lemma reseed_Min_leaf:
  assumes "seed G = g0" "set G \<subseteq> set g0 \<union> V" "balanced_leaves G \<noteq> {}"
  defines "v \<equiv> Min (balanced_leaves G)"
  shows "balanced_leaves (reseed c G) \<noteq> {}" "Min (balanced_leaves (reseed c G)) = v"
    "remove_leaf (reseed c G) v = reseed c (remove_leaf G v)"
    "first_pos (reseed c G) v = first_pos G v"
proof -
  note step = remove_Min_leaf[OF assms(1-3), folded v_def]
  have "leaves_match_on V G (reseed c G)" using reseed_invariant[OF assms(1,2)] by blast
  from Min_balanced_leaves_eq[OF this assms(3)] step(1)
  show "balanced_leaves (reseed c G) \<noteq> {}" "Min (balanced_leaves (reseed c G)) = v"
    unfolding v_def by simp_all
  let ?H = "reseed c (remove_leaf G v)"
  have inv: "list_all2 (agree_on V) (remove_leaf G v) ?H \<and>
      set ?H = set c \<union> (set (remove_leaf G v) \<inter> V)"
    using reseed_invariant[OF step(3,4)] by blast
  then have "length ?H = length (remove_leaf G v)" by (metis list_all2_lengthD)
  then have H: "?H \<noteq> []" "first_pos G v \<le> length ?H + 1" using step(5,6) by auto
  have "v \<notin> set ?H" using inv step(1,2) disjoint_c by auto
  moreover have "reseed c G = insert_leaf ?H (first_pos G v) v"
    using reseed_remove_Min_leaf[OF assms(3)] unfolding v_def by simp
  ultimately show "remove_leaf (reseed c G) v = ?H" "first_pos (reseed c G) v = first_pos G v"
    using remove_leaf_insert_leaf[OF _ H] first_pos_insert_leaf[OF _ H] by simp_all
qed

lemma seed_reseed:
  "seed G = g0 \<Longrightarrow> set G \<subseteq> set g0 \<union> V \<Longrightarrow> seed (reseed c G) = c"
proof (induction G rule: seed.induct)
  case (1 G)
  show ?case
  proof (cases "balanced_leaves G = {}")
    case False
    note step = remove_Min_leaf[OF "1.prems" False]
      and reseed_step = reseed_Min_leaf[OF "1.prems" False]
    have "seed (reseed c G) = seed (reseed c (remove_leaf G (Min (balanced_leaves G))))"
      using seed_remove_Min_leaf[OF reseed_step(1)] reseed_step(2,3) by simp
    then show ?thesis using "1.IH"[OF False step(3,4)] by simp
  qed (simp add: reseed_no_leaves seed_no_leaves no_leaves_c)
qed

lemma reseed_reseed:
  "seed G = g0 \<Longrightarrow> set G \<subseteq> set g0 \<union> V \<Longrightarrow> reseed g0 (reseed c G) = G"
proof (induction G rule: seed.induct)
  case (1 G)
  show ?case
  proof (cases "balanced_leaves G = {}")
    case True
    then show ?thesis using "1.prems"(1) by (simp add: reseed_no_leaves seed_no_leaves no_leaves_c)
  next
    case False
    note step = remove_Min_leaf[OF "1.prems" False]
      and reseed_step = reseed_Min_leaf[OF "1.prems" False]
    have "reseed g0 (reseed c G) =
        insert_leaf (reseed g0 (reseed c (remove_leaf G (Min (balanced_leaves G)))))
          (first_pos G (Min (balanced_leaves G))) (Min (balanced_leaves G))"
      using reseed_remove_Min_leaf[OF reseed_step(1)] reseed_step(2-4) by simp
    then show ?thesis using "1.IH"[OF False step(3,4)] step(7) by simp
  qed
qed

+++++

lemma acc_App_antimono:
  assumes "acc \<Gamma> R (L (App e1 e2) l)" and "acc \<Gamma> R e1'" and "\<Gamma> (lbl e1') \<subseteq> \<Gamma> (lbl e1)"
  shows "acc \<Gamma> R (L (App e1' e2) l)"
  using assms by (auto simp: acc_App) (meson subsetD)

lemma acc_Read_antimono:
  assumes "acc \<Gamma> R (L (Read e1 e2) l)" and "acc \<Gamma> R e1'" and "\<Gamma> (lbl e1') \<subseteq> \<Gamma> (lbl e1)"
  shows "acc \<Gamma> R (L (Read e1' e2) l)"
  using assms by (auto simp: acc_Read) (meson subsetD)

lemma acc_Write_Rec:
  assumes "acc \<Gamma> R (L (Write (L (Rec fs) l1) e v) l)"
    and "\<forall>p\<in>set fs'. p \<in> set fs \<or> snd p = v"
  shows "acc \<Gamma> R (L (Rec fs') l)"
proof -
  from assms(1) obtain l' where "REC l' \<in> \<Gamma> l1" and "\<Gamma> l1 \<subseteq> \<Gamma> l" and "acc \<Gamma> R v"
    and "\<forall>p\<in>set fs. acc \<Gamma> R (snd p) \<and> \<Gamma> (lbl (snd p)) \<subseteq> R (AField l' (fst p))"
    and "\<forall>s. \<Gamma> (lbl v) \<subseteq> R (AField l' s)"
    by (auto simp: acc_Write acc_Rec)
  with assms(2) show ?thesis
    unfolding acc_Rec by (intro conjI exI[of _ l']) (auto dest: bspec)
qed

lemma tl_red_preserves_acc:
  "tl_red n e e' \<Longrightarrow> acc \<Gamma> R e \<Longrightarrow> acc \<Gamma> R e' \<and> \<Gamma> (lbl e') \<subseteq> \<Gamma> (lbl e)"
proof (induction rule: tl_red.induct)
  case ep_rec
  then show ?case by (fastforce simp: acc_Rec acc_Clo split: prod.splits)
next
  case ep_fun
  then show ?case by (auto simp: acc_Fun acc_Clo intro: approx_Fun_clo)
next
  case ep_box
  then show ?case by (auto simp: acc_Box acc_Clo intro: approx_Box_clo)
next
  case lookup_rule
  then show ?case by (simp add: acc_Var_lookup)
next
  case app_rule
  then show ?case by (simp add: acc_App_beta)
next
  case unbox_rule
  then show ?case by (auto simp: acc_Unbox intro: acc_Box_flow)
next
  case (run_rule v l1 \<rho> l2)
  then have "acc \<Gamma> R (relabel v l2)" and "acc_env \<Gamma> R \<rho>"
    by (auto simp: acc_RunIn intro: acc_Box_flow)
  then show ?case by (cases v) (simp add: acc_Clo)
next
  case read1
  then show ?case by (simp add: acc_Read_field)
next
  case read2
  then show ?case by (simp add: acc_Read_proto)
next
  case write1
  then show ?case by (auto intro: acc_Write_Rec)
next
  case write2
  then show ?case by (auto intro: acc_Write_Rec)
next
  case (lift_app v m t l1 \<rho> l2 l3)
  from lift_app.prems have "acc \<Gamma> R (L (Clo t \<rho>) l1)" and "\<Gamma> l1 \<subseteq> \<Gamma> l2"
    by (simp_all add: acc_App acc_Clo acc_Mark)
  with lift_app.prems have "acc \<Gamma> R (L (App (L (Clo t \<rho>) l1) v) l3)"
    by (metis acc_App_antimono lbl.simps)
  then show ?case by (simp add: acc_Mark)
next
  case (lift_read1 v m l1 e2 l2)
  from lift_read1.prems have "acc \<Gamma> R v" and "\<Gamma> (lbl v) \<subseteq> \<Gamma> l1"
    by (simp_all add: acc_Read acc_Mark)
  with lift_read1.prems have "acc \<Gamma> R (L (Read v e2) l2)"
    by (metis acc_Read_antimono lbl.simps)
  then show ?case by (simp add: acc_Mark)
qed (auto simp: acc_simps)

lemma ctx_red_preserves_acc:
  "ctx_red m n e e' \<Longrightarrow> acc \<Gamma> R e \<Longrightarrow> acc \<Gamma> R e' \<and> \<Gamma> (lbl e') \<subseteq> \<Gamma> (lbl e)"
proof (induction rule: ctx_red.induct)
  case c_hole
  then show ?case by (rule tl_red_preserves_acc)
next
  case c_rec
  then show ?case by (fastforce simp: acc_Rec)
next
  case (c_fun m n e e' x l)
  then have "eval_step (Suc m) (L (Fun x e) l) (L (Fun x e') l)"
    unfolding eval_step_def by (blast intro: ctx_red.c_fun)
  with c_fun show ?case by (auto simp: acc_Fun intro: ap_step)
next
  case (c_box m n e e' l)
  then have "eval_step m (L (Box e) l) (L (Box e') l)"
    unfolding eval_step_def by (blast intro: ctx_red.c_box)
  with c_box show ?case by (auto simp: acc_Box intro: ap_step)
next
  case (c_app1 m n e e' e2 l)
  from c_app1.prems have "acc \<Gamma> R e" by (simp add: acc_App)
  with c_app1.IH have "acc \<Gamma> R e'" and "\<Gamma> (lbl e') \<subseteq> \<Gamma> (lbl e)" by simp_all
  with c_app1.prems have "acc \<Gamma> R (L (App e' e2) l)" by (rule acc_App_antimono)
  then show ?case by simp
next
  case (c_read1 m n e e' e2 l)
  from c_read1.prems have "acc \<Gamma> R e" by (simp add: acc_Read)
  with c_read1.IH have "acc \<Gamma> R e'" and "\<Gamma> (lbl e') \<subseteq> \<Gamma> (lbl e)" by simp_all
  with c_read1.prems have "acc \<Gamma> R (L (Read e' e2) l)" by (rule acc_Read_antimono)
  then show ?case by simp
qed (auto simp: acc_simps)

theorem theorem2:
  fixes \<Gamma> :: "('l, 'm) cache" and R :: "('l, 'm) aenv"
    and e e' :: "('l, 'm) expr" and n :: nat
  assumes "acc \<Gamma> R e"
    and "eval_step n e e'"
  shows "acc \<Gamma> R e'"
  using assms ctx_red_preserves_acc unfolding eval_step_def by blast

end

+++++

Prompt:
Could you give the number of lines in the entries that contain the string "blast"? Only the number, please.

Task response:
5